Описывая разные типы патриотизма, социологи называют такой его тип «слепым» или «милитаристским». Он отсылает к идентичности, которая не встроена в базовые ценностные комплексы, а противопоставлена им. Так, сторонники войны в России сегодня неизменно оговариваются, что вообще-то являются сторонниками мира, но не тогда, когда речь идет о безопасности их страны.
Социологи, исследовавшие проблему российского патриотизма, не раз приходили к выводу, что патриотичность россиян сильно преувеличена. Так, исследование на данных 2015–2016 годов (то есть уже после аннексии Крыма, вызвавшей в России подъем имперско-патриотических чувств) показывало, что россияне вовсе не так уж склонны жертвовать личными интересами ради возвращения к великодержавному статусу. Только 8% респондентов в конце 2015 года были «абсолютно» готовы одобрять политику, направленную на восстановление международной мощи и обороноспособности России, «даже если эти меры были связаны со значительным снижением их уровня жизни», а 30% были готовы на такие издержки лишь «в некоторой степени». Правда, в 2015 году в России наблюдался экономический кризис, связанный с падением цен на нефть, и это обострило чувствительность населения к вопросам уровня жизни.
Однако в новейшем исследовании ученые решили оценить патриотизм россиян в сравнительной перспективе, сопоставив, насколько выражен у россиян как «доброкачественный» (немилитаристский, неагрессивный), так и «слепой» патриотизм в сравнении с жителями других стран, опираясь на несколько волн международных опросов. Сравнение показало, что «доброкачественный» патриотизм россиян находится на уровне нормы, не отличаясь от свойственного жителям других стран, но «слепой» патриотизм характерен для них в гораздо большей степени. Здесь жители России заметно лидируют. В наименьшей степени «слепой» патриотизм оказался характерен для развитых стран севера Европы — Швеции, Норвегии, Ирландии, Германии — и Японии. И наоборот, бывшие социалистические страны — Венгрия, Чехия, Латвия, Словакия — идут в рейтинге «слепого» патриотизма вслед за Россией, хотя и с заметным отрывом (панель состояла из 14 стран).

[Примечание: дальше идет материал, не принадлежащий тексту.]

lemma has_sum_cinner_g_frame_op_right:
  "((\<lambda>j. cinner (L j h) (L j f)) has_sum cinner h (g_frame_op J L f)) J"
proof -
  have "((\<lambda>j. cinner h (cadjoint (L j) (L j f))) has_sum cinner h (g_frame_op J L f)) J"
    by (rule has_sum_bounded_linear [OF bounded_linear_cinner_right has_sum_g_frame_op])
  then show ?thesis
    by (rule has_sum_cong [THEN iffD1, rotated]) (simp add: cinner_cadjoint bounded_clinear)
qed

lemma cinner_g_frame_op_self:
  "cinner (g_frame_op J L f) f = complex_of_real (\<Sum>\<^sub>\<infinity>j\<in>J. (norm (L j f))\<^sup>2)"
proof (rule has_sum_unique [OF has_sum_cinner_g_frame_op_left])
  show "((\<lambda>j. cinner (L j f) (L j f)) has_sum complex_of_real (\<Sum>\<^sub>\<infinity>j\<in>J. (norm (L j f))\<^sup>2)) J"
    unfolding cinner_self_norm by (intro has_sum_of_real has_sum_infsum summable)
qed

lemma g_frame_op_split:
  assumes "K \<subseteq> J"
  shows "g_frame_op K L f + g_frame_op (J - K) L f = g_frame_op J L f"
proof -
  interpret K: g_bessel K L B
    using assms by (rule g_bessel_subset)
  interpret K_compl: g_bessel "J - K" L B
    by (rule g_bessel_subset) blast
  show ?thesis
    using has_sum_Un_disjoint [OF K.has_sum_g_frame_op K_compl.has_sum_g_frame_op] assms
    by (intro has_sum_unique [OF _ has_sum_g_frame_op]) (auto simp: Un_absorb1)
qed

end

locale g_frame_bounds = g_bessel J L B for J L B +
  fixes A :: real
  assumes A_pos: "0 < A"
    and lower: "\<And>f. A * (norm f)\<^sup>2 \<le> (\<Sum>\<^sub>\<infinity>j\<in>J. (norm (L j f))\<^sup>2)"
begin

lemma norm_g_frame_op_ge: "A * norm f \<le> norm (g_frame_op J L f)"
proof -
  have "A * (norm f)\<^sup>2 \<le> cmod (cinner (g_frame_op J L f) f)"
    using lower [of f] by (simp add: cinner_g_frame_op_self infsum_nonneg)
  also have "\<dots> \<le> norm (g_frame_op J L f) * norm f"
    by (rule cauchy_schwarz_cinner)
  finally have "(A * norm f) * norm f \<le> norm (g_frame_op J L f) * norm f"
    by (simp add: power2_eq_square mult.assoc)
  then show ?thesis
    by (cases "f = 0") (auto dest: mult_right_le_imp_le)
qed

lemma closed_range_g_frame_op: "closed (range (g_frame_op J L))"
proof (rule complete_imp_closed)
  show "complete (range (g_frame_op J L))"
    using norm_g_frame_op_ge
    by (intro complete_isometric_image [OF A_pos subspace_UNIV bounded_linear_g_frame_op])
      (auto simp: complete_UNIV)
qed

lemma surj_g_frame_op: "surj (g_frame_op J L)"
proof -
  let ?S = "g_frame_op J L"
  interpret S: bounded_linear ?S
    by (rule bounded_linear_g_frame_op)
  have "y \<in> range ?S" for y
  proof -
    define C where "C = (+) y ` range ?S"
    have "closed C"
      unfolding C_def by (intro closed_translation closed_range_g_frame_op)
    moreover have "convex C"
      unfolding C_def
      by (intro convex_translation convex_linear_image convex_UNIV
          bounded_linear.linear bounded_linear_g_frame_op)
    moreover have "C \<noteq> {}"
      by (simp add: C_def)
    ultimately have "\<exists>z\<in>C. \<forall>w\<in>C. norm z \<le> norm w"
      by (rule closed_convex_has_min_norm)
    then obtain x where z_min: "\<And>w. w \<in> C \<Longrightarrow> norm (y + ?S x) \<le> norm w"
      by (auto simp: C_def)
    define z where "z = y + ?S x"
    have "cinner z (?S z) = 0"
    proof (rule min_norm_imp_orthogonal)
      fix t
      have "z - scaleC t (?S z) = y + ?S (x - scaleC t z)"
        by (simp add: z_def S.diff g_frame_op_scaleC)
      then show "norm z \<le> norm (z - scaleC t (?S z))"
        unfolding z_def by (intro z_min) (simp add: C_def)
    qed
    then have "(\<Sum>\<^sub>\<infinity>j\<in>J. (norm (L j z))\<^sup>2) = 0"
      using cinner_g_frame_op_self [of z] by (metis cinner_commute complex_cnj_zero of_real_eq_0_iff)
    then have "z = 0"
      using lower [of z] A_pos by (simp add: mult_le_0_iff)
    then have "y = ?S (- x)"
      by (simp add: z_def S.neg eq_neg_iff_add_eq_0)
    then show ?thesis
      by blast
  qed
  then show ?thesis
    by blast
qed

Причем это отклонение не связано, как отмечают исследователи, с пропагандой путинской эпохи, оно наблюдается уже в первом замере середины 1990-х годов и не изменилось за последние 25 лет, а потому, по их мнению, связано с постимперским синдромом. Само по себе это отклонение не является причиной нападения России на Украину, но оно облегчает для руководства России задачу втягивания страны в вооруженный конфликт.

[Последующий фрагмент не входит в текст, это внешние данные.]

(* Let $X=\ell_p$ for some $1\le p<\infty$, or $X=c_0$, considered as a Banach algebra under coordinatewise multiplication. Let $x_0\in X$, $m\in\mathbb N$, and $\lambda\in\mathbb C$ with $|\lambda|>1$. If $x_0^m$ is frequently hypercyclic for $\lambda B$, then so is $\sum_{\nu=m}^N\alpha_\nu x_0^\nu$ for any $N\ge m$ and any $\alpha_m,\ldots,\alpha_N\in\mathbb C$ with $\alpha_m\ne0$.
   Context: $\lambda B(x(1),x(2),x(3),\ldots)=(\lambda x(2),\lambda x(3),\ldots)$; powers are coordinatewise. A vector $x$ is frequently hypercyclic for $T$ if for every non-empty open $U\subset X$ the set $\{n\in\mathbb N_0:T^nx\in U\}$ has positive lower density, where the lower density of $A\subset\mathbb N_0$ is $\liminf_{N\to\infty}\frac{\mathrm{card}(A\cap[0,N])}{N+1}$. *)

theory Defs
  imports "HOL-Analysis.Analysis" "HOL-Library.Extended_Real"
begin

text \<open>Sequence spaces of complex sequences indexed by nat (coordinates x(1),x(2),... are x 0, x 1, ...).\<close>

definition lp_space :: "real \<Rightarrow> (nat \<Rightarrow> complex) set" where
  "lp_space p = {x. summable (\<lambda>n. cmod (x n) powr p)}"

definition lp_dist :: "real \<Rightarrow> (nat \<Rightarrow> complex) \<Rightarrow> (nat \<Rightarrow> complex) \<Rightarrow> real" where
  "lp_dist p x y = (\<Sum>n. cmod (x n - y n) powr p) powr (1 / p)"

definition c0_space :: "(nat \<Rightarrow> complex) set" where
  "c0_space = {x. x \<longlonglongrightarrow> 0}"

definition c0_dist :: "(nat \<Rightarrow> complex) \<Rightarrow> (nat \<Rightarrow> complex) \<Rightarrow> real" where
  "c0_dist x y = (SUP n. cmod (x n - y n))"

definition open_in_metric :: "'a set \<Rightarrow> ('a \<Rightarrow> 'a \<Rightarrow> real) \<Rightarrow> 'a set \<Rightarrow> bool" where
  "open_in_metric X d U \<longleftrightarrow> U \<subseteq> X \<and> (\<forall>y\<in>U. \<exists>e>0. \<forall>z\<in>X. d y z < e \<longrightarrow> z \<in> U)"

definition lower_density :: "nat set \<Rightarrow> ereal" where
  "lower_density A = liminf (\<lambda>N. ereal (real (card (A \<inter> {0..N})) / real (N + 1)))"

definition freq_hypercyclic ::
  "'a set \<Rightarrow> ('a \<Rightarrow> 'a \<Rightarrow> real) \<Rightarrow> ('a \<Rightarrow> 'a) \<Rightarrow> 'a \<Rightarrow> bool" where
  "freq_hypercyclic X d T x \<longleftrightarrow> x \<in> X \<and>
     (\<forall>U. open_in_metric X d U \<and> U \<noteq> {} \<longrightarrow> lower_density {n. (T ^^ n) x \<in> U} > 0)"

definition scaled_shift :: "complex \<Rightarrow> (nat \<Rightarrow> complex) \<Rightarrow> (nat \<Rightarrow> complex)" where
  "scaled_shift c x = (\<lambda>n. c * x (Suc n))"

end

theory Submission
  imports Defs
begin

text \<open>
  Write \<open>y = x\<^sub>0\<^sup>m\<close> and \<open>g = \<Sum>\<^sub>\<nu> \<alpha>\<^sub>\<nu> x\<^sub>0\<^sup>\<nu>\<^sup>-\<^sup>m\<close>. The new vector is the coordinatewise product
  \<open>g y\<close>, and \<open>g\<close> tends to \<open>\<alpha>\<^sub>m \<noteq> 0\<close> because \<open>x\<^sub>0\<close> tends to 0. The \<open>n\<close>-th iterate of the
  scaled shift maps \<open>g y\<close> to \<open>g(n + \<cdot>)\<close> times the \<open>n\<close>-th iterate of \<open>y\<close>, so in any solid
  sequence space (such as \<open>l\<^sub>p\<close> and \<open>c\<^sub>0\<close>) its distance to \<open>\<alpha>\<^sub>m\<close> times the \<open>n\<close>-th iterate of \<open>y\<close> is
  at most \<open>sup\<^sub>j\<^sub>\<ge>\<^sub>n |g j - \<alpha>\<^sub>m|\<close> times the norm of the latter. Hence, for all but finitely
  many \<open>n\<close>, a visit of the orbit of \<open>y\<close> to a small ball around \<open>v\<close> is a visit of the orbit of
  \<open>g y\<close> to a given ball around \<open>\<alpha>\<^sub>m v\<close>, and discarding finitely many times does not change
  lower density.
\<close>

lemma lower_density_mono_eventually:
  assumes "A \<inter> {n0..} \<subseteq> B"
  shows "lower_density A \<le> lower_density B"
proof -
  have card_le: "real (card (A \<inter> {0..N})) \<le> real n0 + real (card (B \<inter> {0..N}))" for N
  proof -
    have "A \<inter> {0..N} \<subseteq> {..<n0} \<union> (B \<inter> {0..N})" using assms by auto
    then have "card (A \<inter> {0..N}) \<le> card ({..<n0} \<union> (B \<inter> {0..N}))" by (intro card_mono) auto
    also have "\<dots> \<le> n0 + card (B \<inter> {0..N})" using card_Un_le[of "{..<n0}"] by simp
    finally show ?thesis by linarith
  qed
  have "(\<lambda>N. real n0 / real (N + 1)) \<longlonglongrightarrow> 0"
    using LIMSEQ_Suc[OF lim_const_over_n[of "real n0"]] by simp
  then have lim: "(\<lambda>N. ereal (real n0 / real (N + 1))) \<longlonglongrightarrow> 0"
    by (simp add: zero_ereal_def)
  have "lower_density A
      \<le> liminf (\<lambda>N. ereal (real n0 / real (N + 1)) + ereal (real (card (B \<inter> {0..N})) / real (N + 1)))"
    unfolding lower_density_def
    by (intro Liminf_mono always_eventually allI)
       (use card_le in \<open>simp add: add_divide_distrib[symmetric] divide_right_mono\<close>)
  also have "\<dots> = lower_density B"
    unfolding lower_density_def by (subst ereal_liminf_lim_add[OF lim]) simp_all
  finally show ?thesis .
qed

lemma funpow_scaled_shift: "(scaled_shift c ^^ n) x = (\<lambda>k. c ^ n * x (n + k))"
  by (induction n) (auto simp: scaled_shift_def)

lemma sum_powers_factor:
  fixes z :: "'a::comm_semiring_1"
  shows "(\<Sum>\<nu>=m..N. \<alpha> \<nu> * z ^ \<nu>) = (\<Sum>\<nu>=m..N. \<alpha> \<nu> * z ^ (\<nu> - m)) * z ^ m"
  unfolding sum_distrib_right
  by (intro sum.cong refl) (auto simp: mult.assoc simp flip: power_add)

lemma tendsto_sum_powers_zero:
  fixes f :: "'a \<Rightarrow> 'b::real_normed_algebra_1"
  assumes "(f \<longlongrightarrow> 0) F" "m \<le> N"
  shows "((\<lambda>t. \<Sum>\<nu>=m..N. \<alpha> \<nu> * f t ^ (\<nu> - m)) \<longlongrightarrow> \<alpha> m) F"
proof -
  have "((\<lambda>t. \<Sum>\<nu>=m..N. \<alpha> \<nu> * f t ^ (\<nu> - m)) \<longlongrightarrow> (\<Sum>\<nu>=m..N. \<alpha> \<nu> * 0 ^ (\<nu> - m))) F"
    by (intro tendsto_intros assms(1))
  also have "(\<Sum>\<nu>=m..N. \<alpha> \<nu> * 0 ^ (\<nu> - m)) = (\<Sum>\<nu>=m..N. if \<nu> = m then \<alpha> m else 0)"
    by (intro sum.cong) (auto simp: power_0_left)
  finally show ?thesis using assms(2) by simp
qed

locale solid_sequence_space =
  fixes X :: "(nat \<Rightarrow> complex) set" and nrm :: "(nat \<Rightarrow> complex) \<Rightarrow> real"
  assumes zero_mem: "(\<lambda>k. 0) \<in> X"
    and add_mem: "x \<in> X \<Longrightarrow> y \<in> X \<Longrightarrow> (\<lambda>k. x k + y k) \<in> X"
    and scale_mem: "x \<in> X \<Longrightarrow> (\<lambda>k. a * x k) \<in> X"
    and solid_mem: "y \<in> X \<Longrightarrow> (\<And>k. cmod (x k) \<le> cmod (y k)) \<Longrightarrow> x \<in> X"
    and solid_nrm: "y \<in> X \<Longrightarrow> (\<And>k. cmod (x k) \<le> cmod (y k)) \<Longrightarrow> nrm x \<le> nrm y"
    and nrm_triangle: "x \<in> X \<Longrightarrow> y \<in> X \<Longrightarrow> nrm (\<lambda>k. x k + y k) \<le> nrm x + nrm y"
    and nrm_scale: "x \<in> X \<Longrightarrow> nrm (\<lambda>k. a * x k) = cmod a * nrm x"
begin

abbreviation ndist :: "(nat \<Rightarrow> complex) \<Rightarrow> (nat \<Rightarrow> complex) \<Rightarrow> real" where
  "ndist x y \<equiv> nrm (\<lambda>k. x k - y k)"

lemma diff_mem: "x \<in> X \<Longrightarrow> y \<in> X \<Longrightarrow> (\<lambda>k. x k - y k) \<in> X"
  using add_mem[of x "\<lambda>k. -1 * y k"] scale_mem[of y "-1"] by simp

lemma nrm_zero: "nrm (\<lambda>k. 0) = 0"
  using nrm_scale[OF zero_mem, of 0] by simp

lemma nrm_nonneg: "x \<in> X \<Longrightarrow> 0 \<le> nrm x"
  using nrm_triangle[of x "\<lambda>k. -1 * x k"] nrm_scale[of x "-1"] scale_mem[of x "-1"] nrm_zero
  by simp

lemma ndist_commute: "x \<in> X \<Longrightarrow> y \<in> X \<Longrightarrow> ndist x y = ndist y x"
  using nrm_scale[OF diff_mem, of x y "-1"] by simp

lemma ndist_triangle: "x \<in> X \<Longrightarrow> y \<in> X \<Longrightarrow> z \<in> X \<Longrightarrow> ndist x z \<le> ndist x y + ndist y z"
  using nrm_triangle[OF diff_mem diff_mem, of x y y z] by simp

lemma ndist_scale: "x \<in> X \<Longrightarrow> y \<in> X \<Longrightarrow> ndist (\<lambda>k. a * x k) (\<lambda>k. a * y k) = cmod a * ndist x y"
  using nrm_scale[OF diff_mem, of x y a] by (simp add: algebra_simps)

lemma nrm_le_add_ndist: "x \<in> X \<Longrightarrow> y \<in> X \<Longrightarrow> nrm y \<le> nrm x + ndist x y"
  using nrm_triangle[of x "\<lambda>k. y k - x k"] diff_mem[of y x] ndist_commute[of x y] by simp

lemma open_in_metric_ball: "v \<in> X \<Longrightarrow> open_in_metric X ndist {w \<in> X. ndist v w < r}"
  unfolding open_in_metric_def
proof (intro conjI ballI)
  fix w assume v: "v \<in> X" and w: "w \<in> {w \<in> X. ndist v w < r}"
  have "z \<in> {w \<in> X. ndist v w < r}" if "z \<in> X" "ndist w z < r - ndist v w" for z
    using that w ndist_triangle[OF v, of w z] by auto
  then show "\<exists>e>0. \<forall>z\<in>X. ndist w z < e \<longrightarrow> z \<in> {w \<in> X. ndist v w < r}"
    using w by (intro exI[of _ "r - ndist v w"]) auto
qed auto

lemma mult_bounded_mem:
  assumes "a \<in> X" "\<And>k. cmod (g k) \<le> B"
  shows "(\<lambda>k. g k * a k) \<in> X"
proof -
  have "B \<ge> 0" using assms(2)[of 0] norm_ge_zero order_trans by blast
  have "cmod (g k * a k) \<le> cmod (of_real B * a k)" for k
    using assms(2)[of k] \<open>B \<ge> 0\<close> by (simp add: norm_mult mult_right_mono)
  then show ?thesis by (rule solid_mem[OF scale_mem[OF assms(1)]])
qed

lemma nrm_mult_bounded_le:
  assumes "a \<in> X" "\<And>k. cmod (g k) \<le> B"
  shows "nrm (\<lambda>k. g k * a k) \<le> B * nrm a"
proof -
  have "B \<ge> 0" using assms(2)[of 0] norm_ge_zero order_trans by blast
  have "cmod (g k * a k) \<le> cmod (of_real B * a k)" for k
    using assms(2)[of k] \<open>B \<ge> 0\<close> by (simp add: norm_mult mult_right_mono)
  then have "nrm (\<lambda>k. g k * a k) \<le> nrm (\<lambda>k. of_real B * a k)"
    by (rule solid_nrm[OF scale_mem[OF assms(1)]])
  also have "\<dots> = B * nrm a" using \<open>B \<ge> 0\<close> nrm_scale[OF assms(1)] by simp
  finally show ?thesis .
qed

lemma ndist_mult_near_const:
  assumes a: "a \<in> X" and h: "\<And>k. cmod (h k - \<alpha>) \<le> \<eta>"
  shows "(\<lambda>k. h k * a k) \<in> X" and "ndist (\<lambda>k. \<alpha> * a k) (\<lambda>k. h k * a k) \<le> \<eta> * nrm a"
proof -
  have "(\<lambda>k. \<alpha> * a k + (h k - \<alpha>) * a k) \<in> X"
    using add_mem[OF scale_mem[OF a] mult_bounded_mem[of a "\<lambda>k. h k - \<alpha>", OF a h]] .
  then show "(\<lambda>k. h k * a k) \<in> X"
    by (simp add: algebra_simps)
  have "cmod (\<alpha> - h k) \<le> \<eta>" for k
    using h[of k] by (simp add: norm_minus_commute)
  then show "ndist (\<lambda>k. \<alpha> * a k) (\<lambda>k. h k * a k) \<le> \<eta> * nrm a"
    using nrm_mult_bounded_le[of a "\<lambda>k. \<alpha> - h k", OF a] by (simp add: algebra_simps)
qed

lemma ndist_scale_mult_near_const:
  assumes vX: "v \<in> X" and aX: "a \<in> X" and va: "ndist v a \<le> \<delta>"
    and h: "\<And>k. cmod (h k - \<alpha>) \<le> \<eta>" and "0 \<le> \<eta>"
  shows "ndist (\<lambda>k. \<alpha> * v k) (\<lambda>k. h k * a k) \<le> cmod \<alpha> * \<delta> + \<eta> * (nrm v + \<delta>)"
proof -
  note near = ndist_mult_near_const[OF aX h]
  have "ndist (\<lambda>k. \<alpha> * v k) (\<lambda>k. h k * a k)
      \<le> ndist (\<lambda>k. \<alpha> * v k) (\<lambda>k. \<alpha> * a k) + ndist (\<lambda>k. \<alpha> * a k) (\<lambda>k. h k * a k)"
    using ndist_triangle[OF scale_mem[OF vX] scale_mem[OF aX] near(1)] .
  also have "\<dots> \<le> cmod \<alpha> * \<delta> + \<eta> * (nrm v + \<delta>)"
  proof (rule add_mono)
    show "ndist (\<lambda>k. \<alpha> * v k) (\<lambda>k. \<alpha> * a k) \<le> cmod \<alpha> * \<delta>"
      using ndist_scale[OF vX aX, of \<alpha>] va by (simp add: mult_left_mono)
    have "nrm a \<le> nrm v + \<delta>" using nrm_le_add_ndist[OF vX aX] va by simp
    then show "ndist (\<lambda>k. \<alpha> * a k) (\<lambda>k. h k * a k) \<le> \<eta> * (nrm v + \<delta>)"
      using near(2) \<open>0 \<le> \<eta>\<close> by (meson mult_left_mono order_trans)
  qed
  finally show ?thesis .
qed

К этому можно было бы добавить, что одним из элементов постимперского и постсоветского синдрома стала особая роль мифа Победы в коллективной идентичности россиян. В ходе транзита миф Победы компенсировал для россиян экономические неудачи и частичную утрату статуса великой державы. Как видно из данных опросов «Левада-центра», миф Победы на протяжении всей путинской эпохи сохранял высокий уровень упоминаемости респондентами в качестве предмета национальной гордости, в то время как значимость других «позитивных» факторов гордости снижалась. В итоге именно нарратив повторения «подвига Победы» стал одной из опорных конструкций, с помощью которых военная пропаганда актуализировала «слепой» патриотизм после вторжения в Украину.